Hello,<p>I'm an EE undergrad at the Federal Institute of Technology in Zurich. As much as I love EE, I'd love to work in the field of car engineering (not necessarily as an EE though). I'd like to build cars with new technology, but I have no clue how and where to start. The only way I knew was to get a good degree and work at Tesla or other similiar companies. However I love the idea of being an entrepreneur and I can see myself creating something like that in this field.<p>Can I get the necessary knowledge about car engineering from books, or would I have to intern / work in this area a period of time before actually building something myself.<p>I thought that I could get into R&#38;D through the university but I don't want to stay in academia for the rest of my life.<p>Where should I start?<p>Thanks.
======
mechanical_fish
I will give you two answers.

The first one is this book: _Build your Own Sports Car for as Little as 250
Pounds... And Race It!_

[http://www.amazon.com/Build-Your-Sports-
Little-£250/dp/18596...](http://www.amazon.com/Build-Your-Sports-
Little-£250/dp/1859606369)

a book which, oops, appears to have become _priceless_ since I bought it years
ago. I guess it's out of print. This is a suspiciously similar version:

[http://www.amazon.com/Build-Your-Own-Sports-
Car/dp/184425391...](http://www.amazon.com/Build-Your-Own-Sports-
Car/dp/1844253910)

... which the Amazon reviewers critique for being "Eurocentric". Oh, what a
terrible problem that must be. Unless you live in Zurich! Wink, wink. ;)

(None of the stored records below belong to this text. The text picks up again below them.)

lemma funpow_pd2_canon_div:
  fixes xf pf :: "'a::euclidean_space \<Rightarrow> real^'n"
  assumes "open U" "smooth_on U xf" "smooth_on U pf" "smooth_on U zf" "smooth_on U X"
  shows "\<forall>b\<in>U. (pd2 X ^^ Suc l) (canon_div xf pf zf) a b
    = (vf_deriv X ^^ Suc l) (zprime xf pf zf) b - xf a \<bullet> (vf_deriv X ^^ Suc l) pf b"
proof -
  have zprime_diff: "(vf_deriv X ^^ l) (zprime xf pf zf) differentiable at b" if "b \<in> U" for b l
    using smooth_on_funpow_vf_deriv[OF assms(1,5) smooth_on_zprime[OF assms(1-4)]]
    by (rule smooth_on_imp_differentiable[OF assms(1) _ that])
  have pf_diff: "(vf_deriv X ^^ l) pf differentiable at b" if "b \<in> U" for b l
    using smooth_on_funpow_vf_deriv[OF assms(1,5,3)]
    by (rule smooth_on_imp_differentiable[OF assms(1) _ that])
  show ?thesis
  proof (induction l)
    case 0
    show ?case
      using vf_deriv_affine_inner[where F = "\<lambda>b. canon_div xf pf zf a b"
          and c = "zf a" and v = "xf a", OF assms(1) _ _ zprime_diff[of _ 0] pf_diff[of _ 0]]
      by (simp add: pd2_def canon_div_def)
  next
    case (Suc l)
    show ?case
      using vf_deriv_affine_inner[where F = "(pd2 X ^^ Suc l) (canon_div xf pf zf) a"
          and c = 0 and v = "xf a", OF assms(1) _ _ zprime_diff[of _ "Suc l"] pf_diff[of _ "Suc l"]]
        Suc.IH
      by (simp add: pd2_def[of X "(pd2 X ^^ Suc l) (canon_div xf pf zf)"]
          funpow.simps(2)[where n = "Suc l"] del: funpow.simps)
  qed
qed

lemma bracket_canon_div:
  fixes xf pf :: "'a::euclidean_space \<Rightarrow> real^'n"
  assumes "open U" "smooth_on U xf" "smooth_on U pf" "smooth_on U zf" "smooth_on U X"
    and "r \<in> U"
  shows "bracket (canon_div xf pf zf) [X] (replicate (Suc l) X) r
    = - (vf_deriv X xf r \<bullet> (vf_deriv X ^^ Suc l) pf r)"
proof -
  have "bracket (canon_div xf pf zf) [X] (replicate (Suc l) X) r
      = vf_deriv X (\<lambda>a. (pd2 X ^^ Suc l) (canon_div xf pf zf) a r) r"
    unfolding bracket_def foldr_replicate by (simp add: pd1_def del: funpow.simps)
  also have "\<dots> = vf_deriv X (\<lambda>a. (vf_deriv X ^^ Suc l) (zprime xf pf zf) r
      - xf a \<bullet> (vf_deriv X ^^ Suc l) pf r) r"
    using funpow_pd2_canon_div[OF assms(1-5)] assms(6) by simp
  also have "\<dots> = - (vf_deriv X xf r \<bullet> (vf_deriv X ^^ Suc l) pf r)"
    using vf_deriv_const_minus_inner smooth_on_imp_differentiable assms(1,2,6) by blast
  finally show ?thesis .
qed

theorem tau_mixed_funpow_nablaE'_eq_bracket:
  fixes xf pf :: "'a::euclidean_space \<Rightarrow> real^'n"
  assumes "open U" "smooth_on U xf" "smooth_on U pf" "smooth_on U zf" "smooth_on U X"
    and "r \<in> U"
  shows "tau_mixed (PhiE xf zf X r) ((nablaE' xf X ^^ l) (PhiE' xf pf zf X) r)
    = - (1/2) * bracket (canon_div xf pf zf) [X] (replicate (Suc l) X) r"
  unfolding tau_mixed_PhiE_funpow_nablaE' bracket_canon_div[OF assms] by simp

I'm being serious here: As an American, I am constitutionally required to
insist that the correct way to learn how cars work is from the ground up. Get
a car. Take it apart. Then put it together again. Do they have autocross in
Zurich? Amateur rally racing? Sports car clubs? Trade schools that will teach
you a course in basic auto repair? Try 'em all. In the USA, at any rate, it is
very easy to find people who spend more time thinking about cars and driving
than is healthy.

You don't need to work for Tesla to build an electric car. Take a small car
and convert it to electric:

<http://www.diyelectriccar.com/>

\---

The other answer is: If you dream of working at a company like Tesla, find
someone who works at Tesla and ask them what the job is like. That's the only
way. You might hear back from someone here on HN itself, so asking here was a
fine plan.

What you should _not_ do -- at first -- is find some school that claims to
teach you everything you need to know to be an automotive engineer. It turns
out that schools are very happy to sell you education whether or not you
actually need or want it. But I've lost count of the number of people I know
who decided they might like career X, spent years in school studying X, _then_
turned up for work and discovered that they really don't like X. Try to sample
your chosen career as much as you can before you actually spend years learning
to do it properly.